Original creditors may send unpaid debts to collections. They may also charge off and sell debts to third-party debt buyers.
Debt buyers purchase past-due debts and try to collect them. They often ignore the age of the debt.
The FDCPA is a federal law that limits third-party debt collector actions. Under the FDCPA, debt collectors include collection agencies, debt buyers, and collection lawyers.
The FDCPA applies to consumer debts. These include credit card debt, personal loans, and medical debt.
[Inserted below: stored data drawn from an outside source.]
lemma is_K13_iff: "is_K13 V E \<longleftrightarrow> card V = 4 \<and> (\<exists>c. is_star_center V E c)"
proof
  assume "is_K13 V E"
  then obtain f where f: "bij_betw f V {0..(3::nat)}"
    and edges: "\<forall>u\<in>V. \<forall>v\<in>V. E u v \<longleftrightarrow> (f u = 0 \<and> f v \<noteq> 0) \<or> (f v = 0 \<and> f u \<noteq> 0)"
    unfolding is_K13_def by (elim exE conjE)
  have "0 \<in> f ` V"
    using f by (simp add: bij_betw_def)
  then obtain c where "c \<in> V" "f c = 0"
    by (elim imageE) simp
  have zero: "f u = 0 \<longleftrightarrow> u = c" if "u \<in> V" for u
    using inj_onD[OF bij_betw_imp_inj_on[OF f] _ that \<open>c \<in> V\<close>] \<open>f c = 0\<close> by auto
  have "is_star_center V E c"
    unfolding is_star_center_def
  proof (intro conjI ballI)
    fix u v assume "u \<in> V" "v \<in> V"
    then show "E u v \<longleftrightarrow> (u = c) \<noteq> (v = c)"
      using edges[rule_format, OF \<open>u \<in> V\<close> \<open>v \<in> V\<close>] zero by auto
  qed (rule \<open>c \<in> V\<close>)
  moreover have "card V = 4"
    using bij_betw_same_card[OF f] by simp
  ultimately show "card V = 4 \<and> (\<exists>c. is_star_center V E c)"
    by blast
next
  assume "card V = 4 \<and> (\<exists>c. is_star_center V E c)"
  then obtain c where "card V = 4" and "is_star_center V E c"
    by blast
  then have "c \<in> V" and edges: "\<forall>u\<in>V. \<forall>v\<in>V. E u v \<longleftrightarrow> (u = c) \<noteq> (v = c)"
    by (simp_all add: is_star_center_def)
  have "finite V"
    using \<open>card V = 4\<close> by (intro card_ge_0_finite) simp
  then obtain h where h: "bij_betw h (V - {c}) {1..(3::nat)}"
    using finite_same_card_bij[of "V - {c}" "{1..(3::nat)}"] \<open>card V = 4\<close> \<open>c \<in> V\<close> by auto
  define f where "f = h(c := 0)"
  have "bij_betw f (V - {c}) {1..3} \<longleftrightarrow> bij_betw h (V - {c}) {1..3}"
    by (rule bij_betw_cong) (simp add: f_def)
  with h have "bij_betw f (V - {c}) {1..3}"
    by simp
  moreover have "f c = 0"
    by (simp add: f_def)
  ultimately have "bij_betw f (V - {c} \<union> {c}) ({1..3} \<union> {0})"
    using notIn_Un_bij_betw3[of c "V - {c}" f "{1..3}"] by simp
  moreover have "V - {c} \<union> {c} = V" "{1..3} \<union> {0} = {0..(3::nat)}"
    using \<open>c \<in> V\<close> by auto
  ultimately have bij: "bij_betw f V {0..3}"
    by simp
  have zero: "f u = 0 \<longleftrightarrow> u = c" if "u \<in> V" for u
  proof (cases "u = c")
    case False
    then have "f u \<in> {1..3}"
      using bij_betw_apply[OF h] that by (simp add: f_def)
    with False show ?thesis
      by auto
  qed (simp add: \<open>f c = 0\<close>)
  show "is_K13 V E"
    unfolding is_K13_def
  proof (intro exI[of _ f] conjI ballI)
    fix u v assume "u \<in> V" "v \<in> V"
    then show "E u v \<longleftrightarrow> (f u = 0 \<and> f v \<noteq> 0) \<or> (f v = 0 \<and> f u \<noteq> 0)"
      using edges[rule_format, OF \<open>u \<in> V\<close> \<open>v \<in> V\<close>] zero by auto
  qed (rule bij)
qed

lemma domination_number_eq_1_center:
  assumes "finite V" "domination_number V E = 1"
  obtains d where "d \<in> V" "\<And>v. v \<in> V \<Longrightarrow> v \<noteq> d \<Longrightarrow> E d v"
proof -
  obtain D where D: "dominating V E D" "card D = 1"
    using obtain_minimum_dominating_set[OF assms(1)] assms(2) by metis
  then obtain d where "D = {d}"
    by (metis One_nat_def card_1_singleton_iff)
  then show ?thesis
    using D(1) that by (auto simp: dominating_def)
qed

lemma acyclic_graph_is_star_center:
  assumes graph: "graph V E" and "acyclic_graph V E" and "d \<in> V"
    and center: "\<And>v. v \<in> V \<Longrightarrow> v \<noteq> d \<Longrightarrow> E d v"
  shows "is_star_center V E d"
  unfolding is_star_center_def
proof (intro conjI ballI)
  fix u v assume "u \<in> V" "v \<in> V"
  have "\<not> E u v" if "u \<noteq> d" "v \<noteq> d"
  proof
    assume "E u v"
    moreover have "E v d"
      using center[OF \<open>v \<in> V\<close> that(2)] graph by (simp add: graph_def)
    ultimately show False
      using acyclic_graph_no_triangle[OF assms(1,2) center[OF \<open>u \<in> V\<close> that(1)]] by blast
  qed
  then show "E u v \<longleftrightarrow> (u = d) \<noteq> (v = d)"
    using center \<open>u \<in> V\<close> \<open>v \<in> V\<close> graph by (auto simp: graph_def)
qed (rule \<open>d \<in> V\<close>)

lemma K13_domination_numbers:
  assumes graph: "graph V E" and "is_K13 V E"
  shows "domination_number V E = 1" "frac_porous_exp_dom V E = 1"
proof -
  obtain c where "card V = 4" and "is_star_center V E c"
    using assms(2) unfolding is_K13_iff by blast
  then have "c \<in> V" and edges: "\<forall>u\<in>V. \<forall>v\<in>V. E u v \<longleftrightarrow> (u = c) \<noteq> (v = c)"
    by (simp_all add: is_star_center_def)
  have "finite V" "V \<noteq> {}"
    using graph \<open>c \<in> V\<close> by (auto simp: graph_def)
  have "dominating V E {c}"
    unfolding dominating_def using \<open>c \<in> V\<close> edges by force
  then have "domination_number V E \<le> 1"
    using domination_number_le_card[OF \<open>finite V\<close>] by (metis card_1_singleton_iff One_nat_def)
  then show gamma: "domination_number V E = 1"
    using domination_number_pos[OF \<open>finite V\<close> \<open>V \<noteq> {}\<close>, of E] by linarith
  have "3 \<le> card (V - {c})"
    using \<open>card V = 4\<close> \<open>c \<in> V\<close> by simp
  moreover have "\<not> E a b" if "a \<in> V - {c}" "b \<in> V - {c}" for a b
    using edges[rule_format, of a b] that by simp
  ultimately have "1 \<le> frac_porous_exp_dom V E"
    using one_le_frac_porous_exp_dom_if_independent[OF \<open>finite V\<close>, of "V - {c}"] by blast
  then show "frac_porous_exp_dom V E = 1"
    using frac_porous_exp_dom_le_domination_number[OF graph] gamma by simp
qed

lemma subcubic_center_card_le_4:
  assumes "finite V" "subcubic V E" "d \<in> V" "\<And>v. v \<in> V \<Longrightarrow> v \<noteq> d \<Longrightarrow> E d v"
  shows "card V \<le> 4"
proof -
  have "card V \<le> card (insert d {u \<in> V. E d u})"
    using assms by (intro card_mono) auto
  also have "\<dots> \<le> Suc (degree V E d)"
    using assms(1) by (simp add: degree_def card_insert_if)
  also have "\<dots> \<le> 4"
    using assms(2,3) by (simp add: subcubic_def)
  finally show ?thesis .
qed

theorem mainTheorem5:
  fixes V :: "'a set" and E :: "'a \<Rightarrow> 'a \<Rightarrow> bool"
  assumes "tree V E" and "subcubic V E"
  shows "real (domination_number V E) = frac_porous_exp_dom V E \<longleftrightarrow> is_K13 V E"
proof -
  have graph: "graph V E" and "connected_graph V E" "acyclic_graph V E"
    using assms(1) by (auto simp: tree_def)
  then have "finite V" "V \<noteq> {}"
    by (auto simp: graph_def connected_graph_def)
  show ?thesis
  proof
    assume eq: "real (domination_number V E) = frac_porous_exp_dom V E"
    then have "domination_number V E = 1"
      using frac_porous_exp_dom_lt_domination_number[OF graph \<open>connected_graph V E\<close>]
        domination_number_pos[OF \<open>finite V\<close> \<open>V \<noteq> {}\<close>, of E] by linarith
    then obtain d where "d \<in> V" and center: "\<And>v. v \<in> V \<Longrightarrow> v \<noteq> d \<Longrightarrow> E d v"
      using domination_number_eq_1_center[OF \<open>finite V\<close>] by blast
    have "card V \<le> 4"
      using subcubic_center_card_le_4[OF \<open>finite V\<close> assms(2) \<open>d \<in> V\<close> center] .
    moreover have "\<not> card V \<le> 3"
    proof
      assume "card V \<le> 3"
      with frac_porous_exp_dom_lt_1_if_small_star[OF graph \<open>d \<in> V\<close> center] show False
        using eq \<open>domination_number V E = 1\<close> by simp
    qed
    ultimately have "card V = 4"
      by linarith
    then show "is_K13 V E"
      unfolding is_K13_iff
      using acyclic_graph_is_star_center[OF graph \<open>acyclic_graph V E\<close> \<open>d \<in> V\<close> center] by blast
  next
    assume "is_K13 V E"
    then show "real (domination_number V E) = frac_porous_exp_dom V E"
      using K13_domination_numbers[OF graph] by simp
  qed
qed
(* Let $n\ge2$, $R>0$, $\varepsilon>0$. Suppose $r^{n-1}f\in L^1((0,R))$, $f\ge0$ a.e. in $(0,R)$ and $f\not\equiv0$. Then there is a nonnegative classical solution to the problem $-\varepsilon r^{n-1}\Big(\frac{1}{r^{n-1}}w_r\Big)_r+\frac{1}{n r^{n(n-1)}}w^n=L_f$ in $(0,R)$, $w(0)=w_r(0)=0$, $w_r(R)=\varepsilon R^{n-1}$.
   Context: $L_f(s):=\int_0^s t^{n-1}f(t)\,dt$. Subscripts $r$ denote derivatives in $r$. A classical solution is a twice differentiable function satisfying the equation in $(0,R)$ and the boundary conditions pointwise. *)

theory Defs
  imports "HOL-Analysis.Analysis"
begin

definition Lf :: "nat \<Rightarrow> (real \<Rightarrow> real) \<Rightarrow> real \<Rightarrow> real" where
  "Lf n f s = (LINT t:{0..s}|lborel. t ^ (n - 1) * f t)"

end

theory Submission
  imports Defs
begin

text \<open>With \<open>s = r ^ n / n\<close> and \<open>w r = W s\<close> the problem becomes
  \<open>eps * W'' = q s * W ^ n - l s\<close> on \<open>(0, R ^ n / n]\<close>, \<open>W 0 = 0\<close>, \<open>W' (R ^ n / n) = eps\<close>, with
  \<open>q > 0\<close> and \<open>l \<ge> 0\<close> singular at \<open>s = 0\<close>. On \<open>[a, b]\<close> with \<open>a > 0\<close> a solution lying below the
  barrier \<open>e * s powr ((n - 1) / n) + K * s\<close> is obtained by monotone iteration of the linear problem
  \<open>-eps * y'' + mu * y = l + mu * y - q * y ^ n\<close>, whose solution operator preserves order by the
  maximum principle. By comparison these solutions increase as \<open>a\<close> decreases to \<open>0\<close>, their limit
  solves the equation on \<open>(0, b]\<close>, and the barriers with arbitrarily small \<open>e\<close> give \<open>w' 0 = 0\<close>.\<close>

section \<open>Comparison principle\<close>

definition has_derivs2_on :: "real \<Rightarrow> real \<Rightarrow> (real \<Rightarrow> real) \<Rightarrow> (real \<Rightarrow> real) \<Rightarrow> (real \<Rightarrow> real) \<Rightarrow> bool"
  where "has_derivs2_on a b y y' y'' \<longleftrightarrow>
    continuous_on {a..b} y \<and> continuous_on {a..b} y' \<and>
    (\<forall>x\<in>{a<..<b}. (y has_real_derivative y' x) (at x) \<and> (y' has_real_derivative y'' x) (at x))"

lemma has_derivs2_onI:
  assumes "continuous_on {a..b} y" "continuous_on {a..b} y'"
    and "\<And>x. x \<in> {a<..<b} \<Longrightarrow> (y has_real_derivative y' x) (at x)"
    and "\<And>x. x \<in> {a<..<b} \<Longrightarrow> (y' has_real_derivative y'' x) (at x)"
  shows "has_derivs2_on a b y y' y''"
  using assms by (simp add: has_derivs2_on_def)

lemma has_derivs2_onD:
  assumes "has_derivs2_on a b y y' y''"
  shows "continuous_on {a..b} y" "continuous_on {a..b} y'"
    and "\<And>x. x \<in> {a<..<b} \<Longrightarrow> (y has_real_derivative y' x) (at x)"
    and "\<And>x. x \<in> {a<..<b} \<Longrightarrow> (y' has_real_derivative y'' x) (at x)"
  using assms by (auto simp: has_derivs2_on_def)

lemma has_derivs2_on_diff:
  assumes "has_derivs2_on a b y y' y''" "has_derivs2_on a b z z' z''"
  shows "has_derivs2_on a b (\<lambda>x. y x - z x) (\<lambda>x. y' x - z' x) (\<lambda>x. y'' x - z'' x)"
  using assms unfolding has_derivs2_on_def by (simp add: continuous_on_diff DERIV_diff)

lemma has_derivs2_on_subset:
  assumes "has_derivs2_on a b y y' y''" "a \<le> c" "d \<le> b"
  shows "has_derivs2_on c d y y' y''"
  using assms unfolding has_derivs2_on_def
  by (auto intro: continuous_on_subset[of "{a..b}"])

lemma has_derivs2_on_cong:
  assumes "has_derivs2_on a b y y' y''" "\<And>x. x \<in> {a<..<b} \<Longrightarrow> y'' x = z'' x"
  shows "has_derivs2_on a b y y' z''"
  using assms by (simp add: has_derivs2_on_def)

lemma has_derivs2_on_integrals:
  assumes "has_derivs2_on a b y y' y''" "t \<in> {a..b}"
  shows "(y' has_integral (y b - y t)) {t..b}" "(y'' has_integral (y' b - y' t)) {t..b}"
proof -
  have "continuous_on {t..b} y" "continuous_on {t..b} y'"
    using has_derivs2_onD(1,2)[OF assms(1)] assms(2) by (auto intro: continuous_on_subset)
  moreover have "(y has_vector_derivative y' x) (at x)" "(y' has_vector_derivative y'' x) (at x)"
    if "x \<in> {t<..<b}" for x
    using has_derivs2_onD(3,4)[OF assms(1), of x] that assms(2)
    by (auto simp: has_real_derivative_iff_has_vector_derivative[symmetric])
  ultimately show "(y' has_integral (y b - y t)) {t..b}" "(y'' has_integral (y' b - y' t)) {t..b}"
    using assms(2) by (auto intro!: fundamental_theorem_of_calculus_interior)
qed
The law does not apply to original lenders or creditors. It also does not cover business debts.
The Federal Trade Commission (FTC) enforces the FDCPA. The Consumer Financial Protection Bureau (CFPB) assists with enforcement.
Summary
Statutes of limitations set time limits for debt collection lawsuits. These statutes vary by state and debt type.
Debt collectors often attempt to collect time-barred debts. Knowing your FDCPA rights protects you from unfair practices.
Know the statute of limitations for your state and debt type. Respond carefully if contacted about potentially time-barred debts.
Always request a debt validation letter. Never make even a partial payment until you verify the debt is valid and collectible.